Indeed, it was a damning indictment on America’s political class that, in exactly 200 years, it had gone from the presidency being contested by two intellectual titans of the day — John Adams and Thomas Jefferson — to an indecent squabble between a grinning doofus and a mid-wit liar.

But, if I thought that the USA couldn’t elect a worse president than Dubya, they soon made a fool of me and elected Barack Obama.

Barack Obama similarly built out illegal domestic and foreign surveillance efforts, including prosecuting and torturing whistleblowers like Chelsea Manning, Daniel Hale, and Edward Snowden. The Obama administration also expanded the unilateral executive use of drone warfare without congressional approval, which included claiming the authority to assassinate American citizens without a trial or due process.

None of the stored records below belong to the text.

(* For every $n\geq 1$, there exists a signed digraph $G$ on $[n]$ such that every nilpotent $G$-function $f:\{0,1,2\}^n\to\{0,1,2\}^n$ has class at least $\lfloor\log_2 n\rfloor+2$. Furthermore, if $n=2^{\lfloor\log_2 n\rfloor+1}-1$, then such a $G$ can be chosen strongly connected.
   Context: A signed digraph is a digraph (loops allowed, no multiple arcs) in which each arc is labeled positive, negative, or null (unsigned). For a finite interval of integers $A$, a function over $A$ is a map $f:A^n\to A^n$; $f^0=\mathrm{id}$, $f^k=f\circ f^{k-1}$. The interaction graph $G(f)$ is the signed digraph on $[n]$ with an arc $(j,i)$ iff $f_i(a)\neq f_i(b)$ for some $a,b\in A^n$ with $a_j<b_j$ and $a_\ell=b_\ell$ for $\ell\neq j$; the arc is positive if $f_i(a)\leq f_i(b)$ for all such pairs, negative if $f_i(a)\geq f_i(b)$ for all such pairs, and null otherwise. $f$ is a $G$-function if $G(f)=G$. $f$ is nilpotent if $f^k$ is constant for some $k\geq 0$; the least such $k$ is its class. *)

theory Defs
  imports Complex_Main
begin

text \<open>Vertices of a digraph on [n] are 0,...,n-1. Configurations in A^n with
  A = {0,...,q-1} are represented as functions nat => nat that take values
  below q on [n] and are 0 outside [n].\<close>

datatype sign = Pos | Neg | Null

text \<open>A signed digraph: G j i = None means no arc (j,i); Some s means an arc
  (j,i) labelled s.\<close>
type_synonym sdigraph = "nat \<Rightarrow> nat \<Rightarrow> sign option"

definition sdigraph_on :: "nat \<Rightarrow> sdigraph \<Rightarrow> bool" where
  "sdigraph_on n G \<longleftrightarrow> (\<forall>j i. G j i \<noteq> None \<longrightarrow> j < n \<and> i < n)"

definition confs :: "nat \<Rightarrow> nat \<Rightarrow> (nat \<Rightarrow> nat) set" where
  "confs q n = {x. (\<forall>i<n. x i < q) \<and> (\<forall>i\<ge>n. x i = 0)}"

Like his predecessors, Obama carried out or supported disastrous regime change efforts, launching military intervention in Libya, intervening in Haiti’s elections, and legitimizing Honduras’s right-wing coup government. His administration also detained undocumented immigrants en masse — building and making use of the same facilities liberals correctly described as concentration camps during the Trump presidency.

Jacobin

At one point, Jacobin almost gets it, when it notes that Trump merely didn’t pretend to be anything other than what he was: a maverick outsider. As one left-leaning American friend of mine put it, Trump is the rich kid who’s never had to care what other people think of him. What Jacobin misses, though, is that that’s what makes him dangerous to the very Washington establishment it purports to hate.

But if they were so capable of shucking off their leftist blinkers, then, well, they wouldn’t be Jacobin.